Saved data entries

(* Let $q$ be a prime power, $2\le k\le n$, and let $\mathcal{C}\subseteq\mathbb{F}_q^n$ be a linear code of dimension $k$. Then $$\mathbb{E}[\mathcal{C}] = nH_n - \sum_{s=k}^{n-1} \frac{\beta_{s-k}(\mathcal{C}^\perp, n-s)}{\binom{n-1}{s}}.$$
   Context: $H_m=\sum_{i=1}^m 1/i$. $\mathbb{E}[\mathcal{C}]$ is $\mathbb{E}[G]$ for any generator matrix $G\in\mathbb{F}_q^{k\times n}$ of $\mathcal{C}$, where $\mathbb{E}[G]$ is the expected number of draws when columns of $G$ are drawn independently and uniformly at random from its $n$ columns (with repetition) until the drawn columns span $\mathbb{F}_q^k$. $\mathcal{C}^\perp$ is the dual code (standard inner product). For $x\in\mathbb{F}_q^n$, $\sigma(x)=\{i:x_i\ne 0\}$; for a code $\mathcal{D}$ and $S\subseteq\{1,\dots,n\}$, $\mathcal{D}(S)=\{x\in\mathcal{D}:\sigma(x)\subseteq S\}$, $S^{\mathsf c}=\{1,\dots,n\}\setminus S$, and for an integer $\ell$, $\beta_\ell(\mathcal{D},s)=|\{S\subseteq\{1,\dots,n\}: |S|=s,\ \dim(\mathcal{D}(S^{\mathsf c}))=\ell\}|$. *)

theory Defs
  imports "HOL-Analysis.Analysis"
begin

text \<open>Linear codes of length n over a finite field 'a are subspaces of 'a^'n, where the
  finite type 'n (with CARD('n) = n) indexes the coordinates.  A generator matrix
  G \<in> F^(k x n) is a matrix of type 'a^'n^'k (CARD('k) = k) whose k rows form a basis of C.\<close>

definition is_generator_matrix :: "'a::field^'n^'k \<Rightarrow> ('a^'n) set \<Rightarrow> bool" where
  "is_generator_matrix G C \<longleftrightarrow>
     inj (\<lambda>i. row i G) \<and> vec.independent (rows G) \<and> vec.span (rows G) = C"

definition cols_span :: "'a::field^'n^'k \<Rightarrow> 'n set \<Rightarrow> bool" where
  "cols_span G J \<longleftrightarrow> vec.span ((\<lambda>j. column j G) ` J) = UNIV"

text \<open>Probability that the stopping time T (number of draws until the drawn columns span F^k)
  equals t, when positions are drawn independently and uniformly from the n positions:
  a draw sequence of length t is a list of t positions, each sequence having probability n^-t.\<close>
definition prob_stop_at :: "'a::field^'n::finite^'k \<Rightarrow> nat \<Rightarrow> real" where
  "prob_stop_at G t =
     real (card {xs :: 'n list. length xs = t \<and> cols_span G (set xs)
                               \<and> \<not> cols_span G (set (butlast xs))})
     / real (CARD('n)) ^ t"

definition expected_draws :: "'a::field^'n::finite^'k \<Rightarrow> real" where
  "expected_draws G = (\<Sum>t. real t * prob_stop_at G t)"

definition supp :: "'a::zero^'n \<Rightarrow> 'n set" where
  "supp x = {i. x $ i \<noteq> 0}"

definition dual_code :: "('a::comm_ring^'n::finite) set \<Rightarrow> ('a^'n) set" where
  "dual_code C = {y. \<forall>x\<in>C. (\<Sum>i\<in>UNIV. x $ i * y $ i) = 0}"

definition shortened :: "('a::zero^'n) set \<Rightarrow> 'n set \<Rightarrow> ('a^'n) set" where
  "shortened D S = {x\<in>D. supp x \<subseteq> S}"

definition beta :: "nat \<Rightarrow> ('a::field^'n::finite) set \<Rightarrow> nat \<Rightarrow> nat" where
  "beta l D s = card {S :: 'n set. card S = s \<and> vec.dim (shortened D (- S)) = l}"

end

theory Submission
  imports Defs "HOL-Combinatorics.Stirling"
begin

text \<open>
  Let T be the number of draws until the drawn columns span. Spanning is a monotone property of
  the set of drawn positions, so E[T] is the sum over t of Pr(T > t); splitting the event T > t
  according to the exact set A of positions drawn so far, and using that a! S(t, a) words of
  length t have a given letter set of size a (S the Stirling numbers of the second kind), gives
  E[T] = sum of 1 / binom(n - 1, |A|) over all non-spanning A, since the sum over t of
  a! S(t, a) / n^t equals 1 / binom(n - 1, a). Over all proper subsets A this sum is n H_n.
  The proper spanning sets are subtracted: by rank-nullity a set of s columns spans iff the dual
  code shortened to it has dimension s - k, and passing to complements turns their number into
  beta_(s-k)(C^perp, n - s).
\<close>

section \<open>Words with a prescribed set of letters\<close>

lemma lists_set_eq_Suc_length:
  "{xs. length xs = Suc t \<and> set xs = A} =
     (\<Union>x\<in>A. (#) x ` ({ys. length ys = t \<and> set ys = A} \<union> {ys. length ys = t \<and> set ys = A - {x}}))"
proof (intro set_eqI iffI)
  fix xs assume "xs \<in> {xs. length xs = Suc t \<and> set xs = A}"
  then obtain x ys where xs: "xs = x # ys" "length ys = t" "insert x (set ys) = A"
    by (cases xs) auto
  then have "set ys = A \<or> set ys = A - {x}"
    by (cases "x \<in> set ys") auto
  with xs show "xs \<in> (\<Union>x\<in>A. (#) x ` ({ys. length ys = t \<and> set ys = A} \<union> {ys. length ys = t \<and> set ys = A - {x}}))"
    by blast
next
  fix xs assume "xs \<in> (\<Union>x\<in>A. (#) x ` ({ys. length ys = t \<and> set ys = A} \<union> {ys. length ys = t \<and> set ys = A - {x}}))"
  then obtain x ys where "xs = x # ys" "x \<in> A" "length ys = t" "set ys = A \<or> set ys = A - {x}"
    by blast
  then show "xs \<in> {xs. length xs = Suc t \<and> set xs = A}"
    by auto
qed

lemma finite_lists_set_eq:
  "finite A \<Longrightarrow> finite {xs. length xs = t \<and> set xs = A}"
  by (rule finite_subset[OF _ finite_lists_length_eq[of A t]]) auto

lemma fact_Stirling_Suc:
  "fact m * Stirling (Suc t) m = m * (fact m * Stirling t m + fact (m - 1) * Stirling t (m - 1))"
proof (cases m)
  case (Suc j)
  then show ?thesis
    by (simp add: algebra_simps)
qed simp

lemma card_lists_set_eq:
  assumes "finite A"
  shows "card {xs. length xs = t \<and> set xs = A} = fact (card A) * Stirling t (card A)"
  using assms
proof (induction t arbitrary: A)
  case 0
  have "{xs. length xs = 0 \<and> set xs = A} = (if A = {} then {[]} else {})"
    by auto
  then show ?case
    using "0.prems" by (simp add: card_gt_0_iff)
next
  case (Suc t)
  let ?L = "\<lambda>B. {ys. length ys = t \<and> set ys = B}"
  have fin: "finite (?L B)" if "finite B" for B :: "'a set"
    using that by (rule finite_lists_set_eq)
  have disj: "(#) x ` X \<inter> (#) y ` Y = {}" if "x \<noteq> y" for x y :: 'a and X Y
    using that by auto
  have "card {xs. length xs = Suc t \<and> set xs = A} = (\<Sum>x\<in>A. card ((#) x ` (?L A \<union> ?L (A - {x}))))"
    unfolding lists_set_eq_Suc_length
    by (intro card_UN_disjoint Suc.prems ballI impI finite_imageI finite_UnI fin finite_Diff)
       (use disj in blast)
  also have "\<dots> = (\<Sum>x\<in>A. card (?L A) + card (?L (A - {x})))"
  proof (rule sum.cong[OF refl])
    fix x assume "x \<in> A"
    then have "?L A \<inter> ?L (A - {x}) = {}"
      by blast
    then show "card ((#) x ` (?L A \<union> ?L (A - {x}))) = card (?L A) + card (?L (A - {x}))"
      using Suc.prems by (simp add: card_image card_Un_disjoint fin)
  qed
  also have "\<dots> = (\<Sum>x\<in>A. fact (card A) * Stirling t (card A)
                            + fact (card A - 1) * Stirling t (card A - 1))"
  proof (rule sum.cong[OF refl])
    fix x assume "x \<in> A"
    then show "card (?L A) + card (?L (A - {x})) = fact (card A) * Stirling t (card A)
                            + fact (card A - 1) * Stirling t (card A - 1)"
      using Suc.prems by (simp add: Suc.IH card_Diff_singleton)
  qed
  also have "\<dots> = fact (card A) * Stirling (Suc t) (card A)"
    by (simp add: fact_Stirling_Suc)
  finally show ?case .
qed

lemma fact_Stirling_le: "fact a * Stirling t a \<le> a ^ t"
proof -
  have "fact a * Stirling t a = card {xs. length xs = t \<and> set xs = {..<a}}"
    by (simp add: card_lists_set_eq)
  also have "\<dots> \<le> card {xs. set xs \<subseteq> {..<a} \<and> length xs = t}"
    by (rule card_mono[OF finite_lists_length_eq]) auto
  also have "\<dots> = a ^ t"
    by (simp add: card_lists_length_eq)
  finally show ?thesis .
qed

* PROMPT
Only the lines from the one bearing "by (simp add: card_lists_length_eq)" through the end of the entries above belong in the answer, each one exactly as given.

* EXERCISE RESULT
    by (simp add: card_lists_length_eq)
  finally show ?thesis .
qed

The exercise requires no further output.